- **Listed records**:
(* For $n\ge0$ and $0\le x<s^n$ with base-$s$ expansion $x=x_0+x_1s+\dots+x_{n-1}s^{n-1}$ ($0\le x_k<s$) put $S_{(n,x)}=S_{x_0}S_{x_1}\cdots S_{x_{n-1}}$ and $u_{(n,x)}=u_{x_0}u_{x_1}\cdots u_{x_{n-1}}$ (empty products equal $I$). Then for all $n,m\ge0$, $0\le x<s^n$, $0\le y<s^m$: if $x=\varphi(j,x')$ and $y=\varphi(l,y')$ for some $(j,x'),(l,y')\in\mathcal V$, then $$T_S(u_{(n,x)}u_{(m,y)}^* )=S_{(n,x)}S_{(m,y)}^*+C_{(n,x),(m,y)},$$ where $C_{(n,x),(m,y)}$ is the rank-one operator with $C_{(n,x),(m,y)}E_{(k,z)}=E_{(j,x')}$ if $(k,z)=(l,y')$ and $C_{(n,x),(m,y)}E_{(k,z)}=0$ otherwise; and if $x$ or $y$ is not in the range of $\varphi$, then $T_S(u_{(n,x)}u_{(m,y)}^* )=S_{(n,x)}S_{(m,y)}^*$.
   Context: Fix an integer $s\ge2$. Let $\mathcal V=\{(n,x): n\in\mathbb Z_{\ge0},\ x\in\mathbb Z,\ 0\le x<s^n\}$, $H=\ell^2(\mathcal V)$ with orthonormal basis $\{E_{(n,x)}\}$. $S_j$ ($0\le j\le s-1$) are the isometries on $H$ given by $S_jE_{(n,x)}=E_{(n+1,sx+j)}$. On $\ell^2(\mathbb Z)$ with standard basis $\{e_l\}_{l\in\mathbb Z}$, define isometries $u_je_l=e_{sl+j}$, $j=0,\dots,s-1$ (these satisfy the Cuntz relations $u_j^*u_k=\delta_{jk}$, $\sum_ju_ju_j^*=I$). Let $\varphi:\mathcal V\to\mathbb Z$, $\varphi(n,x)=s^n+x$ (injective), let $\iota:H\to\ell^2(\mathbb Z)$ be the isometry $\iota E_{(n,x)}=e_{\varphi(n,x)}$, and define $T_S:B(\ell^2(\mathbb Z))\to B(H)$ by $T_S(a)=\iota^*a\iota$. *)

theory Defs
  imports "HOL-Analysis.Analysis"
begin

text \<open>Vectors of l2(X) are represented as functions X \<Rightarrow> complex; operators act on such
functions. The vertex set V is carved out of nat \<times> int.\<close>

definition Vset :: "nat \<Rightarrow> (nat \<times> int) set" where
  "Vset s = {(n, x). 0 \<le> x \<and> x < int s ^ n}"

definition l2 :: "'a set \<Rightarrow> ('a \<Rightarrow> complex) set" where
  "l2 I = {f. (\<forall>p. p \<notin> I \<longrightarrow> f p = 0) \<and> (\<lambda>p. (norm (f p))^2) summable_on I}"

definition delta :: "'a \<Rightarrow> 'a \<Rightarrow> complex" where
  "delta p = (\<lambda>q. if q = p then 1 else 0)"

- **To do**:
Repeat the entire listing above without changing a word.

- **Problem solution**:
(* For $n\ge0$ and $0\le x<s^n$ with base-$s$ expansion $x=x_0+x_1s+\dots+x_{n-1}s^{n-1}$ ($0\le x_k<s$) put $S_{(n,x)}=S_{x_0}S_{x_1}\cdots S_{x_{n-1}}$ and $u_{(n,x)}=u_{x_0}u_{x_1}\cdots u_{x_{n-1}}$ (empty products equal $I$). Then for all $n,m\ge0$, $0\le x<s^n$, $0\le y<s^m$: if $x=\varphi(j,x')$ and $y=\varphi(l,y')$ for some $(j,x'),(l,y')\in\mathcal V$, then $$T_S(u_{(n,x)}u_{(m,y)}^* )=S_{(n,x)}S_{(m,y)}^*+C_{(n,x),(m,y)},$$ where $C_{(n,x),(m,y)}$ is the rank-one operator with $C_{(n,x),(m,y)}E_{(k,z)}=E_{(j,x')}$ if $(k,z)=(l,y')$ and $C_{(n,x),(m,y)}E_{(k,z)}=0$ otherwise; and if $x$ or $y$ is not in the range of $\varphi$, then $T_S(u_{(n,x)}u_{(m,y)}^* )=S_{(n,x)}S_{(m,y)}^*$.
   Context: Fix an integer $s\ge2$. Let $\mathcal V=\{(n,x): n\in\mathbb Z_{\ge0},\ x\in\mathbb Z,\ 0\le x<s^n\}$, $H=\ell^2(\mathcal V)$ with orthonormal basis $\{E_{(n,x)}\}$. $S_j$ ($0\le j\le s-1$) are the isometries on $H$ given by $S_jE_{(n,x)}=E_{(n+1,sx+j)}$. On $\ell^2(\mathbb Z)$ with standard basis $\{e_l\}_{l\in\mathbb Z}$, define isometries $u_je_l=e_{sl+j}$, $j=0,\dots,s-1$ (these satisfy the Cuntz relations $u_j^*u_k=\delta_{jk}$, $\sum_ju_ju_j^*=I$). Let $\varphi:\mathcal V\to\mathbb Z$, $\varphi(n,x)=s^n+x$ (injective), let $\iota:H\to\ell^2(\mathbb Z)$ be the isometry $\iota E_{(n,x)}=e_{\varphi(n,x)}$, and define $T_S:B(\ell^2(\mathbb Z))\to B(H)$ by $T_S(a)=\iota^*a\iota$. *)

theory Defs
  imports "HOL-Analysis.Analysis"
begin

text \<open>Vectors of l2(X) are represented as functions X \<Rightarrow> complex; operators act on such
functions. The vertex set V is carved out of nat \<times> int.\<close>

definition Vset :: "nat \<Rightarrow> (nat \<times> int) set" where
  "Vset s = {(n, x). 0 \<le> x \<and> x < int s ^ n}"

definition l2 :: "'a set \<Rightarrow> ('a \<Rightarrow> complex) set" where
  "l2 I = {f. (\<forall>p. p \<notin> I \<longrightarrow> f p = 0) \<and> (\<lambda>p. (norm (f p))^2) summable_on I}"

definition delta :: "'a \<Rightarrow> 'a \<Rightarrow> complex" where
  "delta p = (\<lambda>q. if q = p then 1 else 0)"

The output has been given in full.